Study of intrinsic point defects in γ-In2Se3 based on first principles calculations for the realization of an efficient UV photodetector

In2Se3 have attracted researcher’s attention due to its potential optoelectronic and memory device applications, having various polymorphs with few of them having layered structure. There exists a non-layered phase with vacancy ordered in screw form known as γ-In2Se3, whose properties are found to get affected majorly by the presence of defects. Here, the first principles calculations based on the density functional theory are performed to study the intrinsic point defects in defect wurtzite structure of γ-In2Se3 using GGA-PBE approximations. Thermodynamic charge transitions based on the formation energy of the defects are determined for all native defects, VIn, VSe, Ini, Sei, SeIn, InSe, under In-rich and Se-rich experimental growth conditions.

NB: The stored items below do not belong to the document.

lemma ex_path_listing_from_source:
  assumes "finite V" "s \<in> V" "t \<in> V" "wf E"
    and "fst ` E = V - {t}" "snd ` E = V - {s}"
    and "inj_on fst E" "inj_on snd E"
  shows "\<exists>us. distinct us \<and> set us = V \<and> hd us = s \<and> E = set (zip us (tl us))"
  using assms
proof (induction "card V" arbitrary: V E s)
  case 0
  then show ?case by auto
next
  case (Suc k)
  show ?case
  proof (cases "V = {s}")
    case True
    then have "E = {}" using Suc.prems(3,5) by auto
    then show ?thesis using True by (intro exI[of _ "[s]"]) auto
  next
    case False
    \<comment> \<open>An \<open>E\<close>-minimal vertex of \<open>V - {s}\<close> still has an in-arc, which must leave \<open>s\<close>.\<close>
    then obtain s' where s': "s' \<in> V - {s}" "\<And>w. (w, s') \<in> E \<Longrightarrow> w \<notin> V - {s}"
      using wfE_min'[OF Suc.prems(4), of "V - {s}"] Suc.prems(2) by blast
    then have "s' \<in> snd ` E" using Suc.prems(6) by simp
    then obtain w where w: "(w, s') \<in> E" by force
    then have "w \<in> V" using Suc.prems(5) by force
    then have arc: "(s, s') \<in> E" using s'(2)[OF w] w by simp
    define V' where "V' = V - {s}"
    define E' where "E' = E - {(s, s')}"
    have "s' \<in> V'" using s'(1) V'_def by simp
    have "s \<in> fst ` E" using arc by force
    then have "t \<in> V'" using Suc.prems(3,5) V'_def by auto
    have "fst ` E' = V' - {t}"
      using inj_on_image_set_diff[OF Suc.prems(7), of E "{(s, s')}"] arc Suc.prems(5)
      unfolding E'_def V'_def by auto
    moreover have "snd ` E' = V' - {s'}"
      using inj_on_image_set_diff[OF Suc.prems(8), of E "{(s, s')}"] arc Suc.prems(6)
      unfolding E'_def V'_def by auto
    moreover have "k = card V'" "finite V'" using Suc.hyps(2) Suc.prems(1,2) V'_def by auto
    moreover have "inj_on fst E'" "inj_on snd E'" "wf E'"
      using Suc.prems(4,7,8) E'_def by (auto intro: inj_on_subset wf_subset)
    ultimately obtain us' where us': "distinct us'" "set us' = V'" "hd us' = s'"
        "E' = set (zip us' (tl us'))"
      using Suc.hyps(1) \<open>s' \<in> V'\<close> \<open>t \<in> V'\<close> by blast
    then obtain r where "us' = s' # r" using \<open>s' \<in> V'\<close> by (cases us') auto
    moreover have "E = insert (s, s') E'" using arc E'_def by auto
    ultimately show ?thesis
      using us' Suc.prems(2) V'_def by (intro exI[of _ "s # us'"]) auto
  qed
qed

lemma is_directed_path_graph_if_acyclic:
  assumes "finite V" "E \<subseteq> V \<times> V" "acyclic E" "card E + 1 = card V"
    and "\<And>u u'. u \<in> V - fst ` E \<Longrightarrow> u' \<in> V - fst ` E \<Longrightarrow> u = u'"
    and "\<And>u u'. u \<in> V - snd ` E \<Longrightarrow> u' \<in> V - snd ` E \<Longrightarrow> u = u'"
  shows "is_directed_path_graph V E"
proof -
  have "finite E" using assms(1,2) finite_subset by blast
  then have "wf E" "wf (E\<inverse>)"
    using assms(3) by (simp_all add: finite_acyclic_wf finite_acyclic_wf_converse)
  have "V \<noteq> {}" using assms(4) by auto
  then obtain v where "v \<in> V" by blast
  obtain t where "t \<in> V" "\<And>w. (w, t) \<in> E\<inverse> \<Longrightarrow> w \<notin> V"
    using wfE_min[OF \<open>wf (E\<inverse>)\<close> \<open>v \<in> V\<close>] by blast
  then have "t \<notin> fst ` E" using assms(2) by force
  have sink: "fst ` E = V - {t}"
  proof
    show "fst ` E \<subseteq> V - {t}" using assms(2) \<open>t \<notin> fst ` E\<close> by auto
    show "V - {t} \<subseteq> fst ` E" using assms(5)[of _ t] \<open>t \<in> V\<close> \<open>t \<notin> fst ` E\<close> by blast
  qed
  obtain s where "s \<in> V" "\<And>w. (w, s) \<in> E \<Longrightarrow> w \<notin> V"
    using wfE_min[OF \<open>wf E\<close> \<open>v \<in> V\<close>] by blast
  then have "s \<notin> snd ` E" using assms(2) by force
  have source: "snd ` E = V - {s}"
  proof
    show "snd ` E \<subseteq> V - {s}" using assms(2) \<open>s \<notin> snd ` E\<close> by auto
    show "V - {s} \<subseteq> snd ` E" using assms(6)[of _ s] \<open>s \<in> V\<close> \<open>s \<notin> snd ` E\<close> by blast
  qed
  have "card (fst ` E) = card E" "card (snd ` E) = card E"
    using sink source \<open>t \<in> V\<close> \<open>s \<in> V\<close> assms(1,4) by simp_all
  then have "inj_on fst E" "inj_on snd E"
    using \<open>finite E\<close> by (simp_all add: eq_card_imp_inj_on)
  then obtain us where "distinct us" "set us = V" "E = set (zip us (tl us))"
    using ex_path_listing_from_source[OF assms(1) \<open>s \<in> V\<close> \<open>t \<in> V\<close> \<open>wf E\<close> sink source] by blast
  then show ?thesis using \<open>v \<in> V\<close> is_directed_path_graph_zip by fastforce
qed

The charge transition remains the same but transition energies differ for possible coordination of Se vacancies, whereas the charge transition as well as transition energy vary for different coordination sites of In vacancies. The In interstitial, Ini is the most favourable defect site under In-rich conditions whereas SeIn at the VBM and VIn1 near CBM are dominating under Se-rich conditions. The origin of n-type conductivity of γ-In2Se3 is found to be the presence of Ini interstitials and InSe antisite in the defect wurtzite γ-In2Se3. Further, the films grown using PLD shows an n-type conductivity under In-rich conditions leading to a good performance with photo responsivity and specific detectivity of 5.22 × 102 A/W and 5.08 × 1013 Jones. The understanding of these vacancies determines their thermodynamic behaviour which can help for the controlled growth of γ-In2Se3 which leads to better device performance.